Work to complete → The word "also" may appear in some lines of the data; copy every such line.

Dataset records →
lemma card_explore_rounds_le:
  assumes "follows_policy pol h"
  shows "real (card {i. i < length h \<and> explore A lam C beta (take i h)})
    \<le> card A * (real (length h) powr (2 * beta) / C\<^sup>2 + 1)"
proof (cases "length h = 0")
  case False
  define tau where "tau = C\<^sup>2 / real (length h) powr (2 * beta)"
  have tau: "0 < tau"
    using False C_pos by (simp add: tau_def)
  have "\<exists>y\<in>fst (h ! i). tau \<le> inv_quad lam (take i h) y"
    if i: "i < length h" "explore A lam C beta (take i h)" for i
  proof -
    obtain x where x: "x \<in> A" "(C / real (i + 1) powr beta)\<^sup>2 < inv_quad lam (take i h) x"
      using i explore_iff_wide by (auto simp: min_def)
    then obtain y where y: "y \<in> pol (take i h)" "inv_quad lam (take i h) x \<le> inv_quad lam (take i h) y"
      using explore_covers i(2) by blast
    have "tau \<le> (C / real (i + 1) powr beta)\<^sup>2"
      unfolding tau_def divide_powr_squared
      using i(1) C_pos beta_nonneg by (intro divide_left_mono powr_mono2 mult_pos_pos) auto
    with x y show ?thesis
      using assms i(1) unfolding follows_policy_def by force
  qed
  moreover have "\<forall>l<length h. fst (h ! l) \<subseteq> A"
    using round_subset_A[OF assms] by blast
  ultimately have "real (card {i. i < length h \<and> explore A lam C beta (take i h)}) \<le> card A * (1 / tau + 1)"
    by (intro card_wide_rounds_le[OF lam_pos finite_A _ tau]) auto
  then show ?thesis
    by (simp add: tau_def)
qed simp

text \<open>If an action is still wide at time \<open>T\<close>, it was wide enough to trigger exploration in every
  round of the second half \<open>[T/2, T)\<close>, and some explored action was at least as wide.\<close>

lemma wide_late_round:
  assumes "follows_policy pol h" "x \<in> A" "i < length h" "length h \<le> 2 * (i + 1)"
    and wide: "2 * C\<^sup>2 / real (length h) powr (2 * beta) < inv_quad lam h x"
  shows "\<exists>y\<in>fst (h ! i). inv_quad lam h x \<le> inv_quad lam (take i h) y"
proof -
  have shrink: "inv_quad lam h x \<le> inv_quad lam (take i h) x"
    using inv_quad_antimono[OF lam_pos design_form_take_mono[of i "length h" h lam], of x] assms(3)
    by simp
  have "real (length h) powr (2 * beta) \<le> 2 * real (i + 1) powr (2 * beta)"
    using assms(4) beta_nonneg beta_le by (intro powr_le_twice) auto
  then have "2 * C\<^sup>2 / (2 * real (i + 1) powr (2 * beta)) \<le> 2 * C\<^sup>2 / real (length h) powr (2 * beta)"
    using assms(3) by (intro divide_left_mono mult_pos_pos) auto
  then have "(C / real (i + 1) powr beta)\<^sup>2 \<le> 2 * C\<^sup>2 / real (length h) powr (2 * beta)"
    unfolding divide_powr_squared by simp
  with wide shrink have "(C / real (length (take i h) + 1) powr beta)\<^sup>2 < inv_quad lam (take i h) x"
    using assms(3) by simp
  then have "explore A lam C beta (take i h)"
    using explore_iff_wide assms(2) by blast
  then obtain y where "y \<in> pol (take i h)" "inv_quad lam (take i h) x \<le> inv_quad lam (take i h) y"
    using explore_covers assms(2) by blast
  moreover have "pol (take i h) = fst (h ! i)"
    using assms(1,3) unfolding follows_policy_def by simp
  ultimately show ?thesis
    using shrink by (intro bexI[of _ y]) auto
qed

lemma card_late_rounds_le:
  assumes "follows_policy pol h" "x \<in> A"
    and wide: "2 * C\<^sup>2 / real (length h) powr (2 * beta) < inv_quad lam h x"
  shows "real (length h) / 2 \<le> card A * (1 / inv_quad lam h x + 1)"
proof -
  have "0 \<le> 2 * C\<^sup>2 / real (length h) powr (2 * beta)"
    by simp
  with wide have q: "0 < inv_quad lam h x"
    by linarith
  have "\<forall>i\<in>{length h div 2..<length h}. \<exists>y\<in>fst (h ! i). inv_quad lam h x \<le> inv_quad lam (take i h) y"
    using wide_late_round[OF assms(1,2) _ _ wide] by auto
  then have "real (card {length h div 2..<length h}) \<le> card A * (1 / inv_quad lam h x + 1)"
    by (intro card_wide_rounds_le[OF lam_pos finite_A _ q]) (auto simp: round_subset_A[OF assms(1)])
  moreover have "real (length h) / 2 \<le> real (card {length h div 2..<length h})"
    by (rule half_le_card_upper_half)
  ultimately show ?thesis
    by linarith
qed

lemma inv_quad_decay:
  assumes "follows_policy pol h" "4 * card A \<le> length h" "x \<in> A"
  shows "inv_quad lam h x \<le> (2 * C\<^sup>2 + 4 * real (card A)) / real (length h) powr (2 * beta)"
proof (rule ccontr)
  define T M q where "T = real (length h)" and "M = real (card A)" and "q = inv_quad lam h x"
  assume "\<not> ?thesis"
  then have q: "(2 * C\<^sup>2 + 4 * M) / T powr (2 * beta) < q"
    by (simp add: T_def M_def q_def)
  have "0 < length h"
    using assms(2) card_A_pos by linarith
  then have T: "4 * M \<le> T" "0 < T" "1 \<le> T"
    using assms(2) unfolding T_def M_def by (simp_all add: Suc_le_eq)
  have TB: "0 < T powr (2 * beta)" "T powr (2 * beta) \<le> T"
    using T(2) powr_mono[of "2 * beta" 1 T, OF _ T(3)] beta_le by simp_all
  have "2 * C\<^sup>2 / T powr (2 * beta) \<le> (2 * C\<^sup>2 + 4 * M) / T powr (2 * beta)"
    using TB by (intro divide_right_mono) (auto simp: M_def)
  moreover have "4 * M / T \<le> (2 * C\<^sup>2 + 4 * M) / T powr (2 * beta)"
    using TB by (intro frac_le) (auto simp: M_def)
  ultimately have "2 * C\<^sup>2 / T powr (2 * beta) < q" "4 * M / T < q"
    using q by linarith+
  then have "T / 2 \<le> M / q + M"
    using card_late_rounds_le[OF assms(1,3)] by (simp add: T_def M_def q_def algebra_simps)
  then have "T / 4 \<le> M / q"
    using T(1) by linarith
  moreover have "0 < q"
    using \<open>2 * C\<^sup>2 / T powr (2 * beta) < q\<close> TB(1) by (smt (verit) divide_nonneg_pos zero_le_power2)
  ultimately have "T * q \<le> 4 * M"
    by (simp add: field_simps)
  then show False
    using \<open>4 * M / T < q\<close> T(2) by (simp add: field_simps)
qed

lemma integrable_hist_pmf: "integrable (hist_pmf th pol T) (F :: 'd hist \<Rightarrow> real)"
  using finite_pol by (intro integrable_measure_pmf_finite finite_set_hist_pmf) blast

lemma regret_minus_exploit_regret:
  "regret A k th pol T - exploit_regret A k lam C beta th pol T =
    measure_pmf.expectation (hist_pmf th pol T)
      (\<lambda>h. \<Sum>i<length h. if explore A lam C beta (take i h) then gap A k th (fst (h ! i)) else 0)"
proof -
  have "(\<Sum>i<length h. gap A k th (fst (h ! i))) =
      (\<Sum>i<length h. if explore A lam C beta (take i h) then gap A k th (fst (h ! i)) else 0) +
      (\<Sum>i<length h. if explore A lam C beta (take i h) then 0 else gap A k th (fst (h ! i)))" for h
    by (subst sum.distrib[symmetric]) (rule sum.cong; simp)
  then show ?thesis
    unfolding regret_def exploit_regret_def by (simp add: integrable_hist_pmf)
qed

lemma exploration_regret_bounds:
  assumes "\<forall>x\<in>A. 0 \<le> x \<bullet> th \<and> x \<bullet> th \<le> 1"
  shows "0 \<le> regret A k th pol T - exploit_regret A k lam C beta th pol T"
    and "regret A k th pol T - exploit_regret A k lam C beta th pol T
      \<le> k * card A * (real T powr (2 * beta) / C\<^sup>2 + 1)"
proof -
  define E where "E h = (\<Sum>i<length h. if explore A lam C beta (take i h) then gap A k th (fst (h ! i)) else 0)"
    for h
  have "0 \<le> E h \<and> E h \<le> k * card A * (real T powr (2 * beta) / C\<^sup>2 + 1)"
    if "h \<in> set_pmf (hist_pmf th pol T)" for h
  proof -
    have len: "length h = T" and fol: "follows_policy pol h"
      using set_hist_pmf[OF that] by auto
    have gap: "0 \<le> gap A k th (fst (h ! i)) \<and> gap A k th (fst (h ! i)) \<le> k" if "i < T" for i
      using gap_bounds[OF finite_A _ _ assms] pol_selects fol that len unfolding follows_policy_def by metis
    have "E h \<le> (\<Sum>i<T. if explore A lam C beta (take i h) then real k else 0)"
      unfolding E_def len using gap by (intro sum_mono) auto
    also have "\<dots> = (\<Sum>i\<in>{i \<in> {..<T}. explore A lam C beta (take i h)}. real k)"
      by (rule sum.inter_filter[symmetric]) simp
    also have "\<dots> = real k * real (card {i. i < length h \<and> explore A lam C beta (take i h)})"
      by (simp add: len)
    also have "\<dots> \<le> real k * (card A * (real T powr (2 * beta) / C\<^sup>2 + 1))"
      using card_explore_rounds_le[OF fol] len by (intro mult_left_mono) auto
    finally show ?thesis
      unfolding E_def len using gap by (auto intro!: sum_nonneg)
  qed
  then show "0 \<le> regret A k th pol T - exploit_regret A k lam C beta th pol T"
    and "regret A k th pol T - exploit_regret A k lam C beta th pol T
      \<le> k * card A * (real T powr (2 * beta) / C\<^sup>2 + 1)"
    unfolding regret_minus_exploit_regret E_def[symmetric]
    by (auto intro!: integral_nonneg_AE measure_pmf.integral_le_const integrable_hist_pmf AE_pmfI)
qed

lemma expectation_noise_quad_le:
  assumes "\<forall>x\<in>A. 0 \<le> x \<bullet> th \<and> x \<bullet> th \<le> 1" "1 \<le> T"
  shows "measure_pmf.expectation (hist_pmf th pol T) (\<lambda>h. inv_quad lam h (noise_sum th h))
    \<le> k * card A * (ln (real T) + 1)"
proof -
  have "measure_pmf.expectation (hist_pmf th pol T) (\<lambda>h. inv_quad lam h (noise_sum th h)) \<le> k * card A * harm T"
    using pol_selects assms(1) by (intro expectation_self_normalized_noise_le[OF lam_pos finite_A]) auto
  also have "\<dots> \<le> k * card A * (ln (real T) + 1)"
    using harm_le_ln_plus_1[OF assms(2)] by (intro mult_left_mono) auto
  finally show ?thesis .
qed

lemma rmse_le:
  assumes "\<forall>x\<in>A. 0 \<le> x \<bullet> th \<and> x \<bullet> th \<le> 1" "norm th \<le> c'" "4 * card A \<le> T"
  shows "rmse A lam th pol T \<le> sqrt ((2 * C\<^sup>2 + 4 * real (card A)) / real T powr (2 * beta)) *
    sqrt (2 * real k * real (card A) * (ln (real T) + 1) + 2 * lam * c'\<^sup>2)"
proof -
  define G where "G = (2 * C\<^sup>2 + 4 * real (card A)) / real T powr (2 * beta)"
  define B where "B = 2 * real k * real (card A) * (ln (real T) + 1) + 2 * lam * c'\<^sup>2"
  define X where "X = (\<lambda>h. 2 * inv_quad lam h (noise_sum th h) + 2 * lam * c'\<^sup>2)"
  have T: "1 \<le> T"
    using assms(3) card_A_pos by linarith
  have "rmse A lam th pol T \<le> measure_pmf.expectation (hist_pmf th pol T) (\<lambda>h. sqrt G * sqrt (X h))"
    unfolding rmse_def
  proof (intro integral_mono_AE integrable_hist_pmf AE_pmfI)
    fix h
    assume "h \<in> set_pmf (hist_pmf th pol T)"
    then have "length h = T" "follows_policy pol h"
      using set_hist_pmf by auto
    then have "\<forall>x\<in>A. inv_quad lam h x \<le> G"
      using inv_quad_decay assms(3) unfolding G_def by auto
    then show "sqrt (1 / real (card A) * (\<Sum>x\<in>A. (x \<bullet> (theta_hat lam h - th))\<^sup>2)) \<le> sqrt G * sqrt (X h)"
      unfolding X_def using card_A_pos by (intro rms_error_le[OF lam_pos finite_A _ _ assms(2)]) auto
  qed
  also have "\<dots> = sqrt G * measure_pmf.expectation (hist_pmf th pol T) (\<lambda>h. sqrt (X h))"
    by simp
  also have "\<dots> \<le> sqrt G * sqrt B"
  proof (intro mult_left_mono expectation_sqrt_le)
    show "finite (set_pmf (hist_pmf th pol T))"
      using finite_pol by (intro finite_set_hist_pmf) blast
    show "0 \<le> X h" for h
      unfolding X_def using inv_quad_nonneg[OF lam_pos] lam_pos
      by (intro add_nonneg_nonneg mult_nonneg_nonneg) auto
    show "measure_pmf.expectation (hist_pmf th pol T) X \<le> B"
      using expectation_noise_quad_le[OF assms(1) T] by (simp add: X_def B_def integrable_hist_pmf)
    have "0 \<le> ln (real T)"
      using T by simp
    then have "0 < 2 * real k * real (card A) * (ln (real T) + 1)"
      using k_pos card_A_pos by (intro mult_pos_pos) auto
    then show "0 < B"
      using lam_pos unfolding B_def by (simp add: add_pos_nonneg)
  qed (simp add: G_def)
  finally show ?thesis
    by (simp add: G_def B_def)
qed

Answer box →
    also have "\<dots> = (\<Sum>i\<in>{i \<in> {..<T}. explore A lam C beta (take i h)}. real k)"
    also have "\<dots> = real k * real (card {i. i < length h \<and> explore A lam C beta (take i h)})"
    also have "\<dots> \<le> real k * (card A * (real T powr (2 * beta) / C\<^sup>2 + 1))"
  also have "\<dots> \<le> k * card A * (ln (real T) + 1)"
  also have "\<dots> = sqrt G * measure_pmf.expectation (hist_pmf th pol T) (\<lambda>h. sqrt (X h))"
  also have "\<dots> \<le> sqrt G * sqrt B"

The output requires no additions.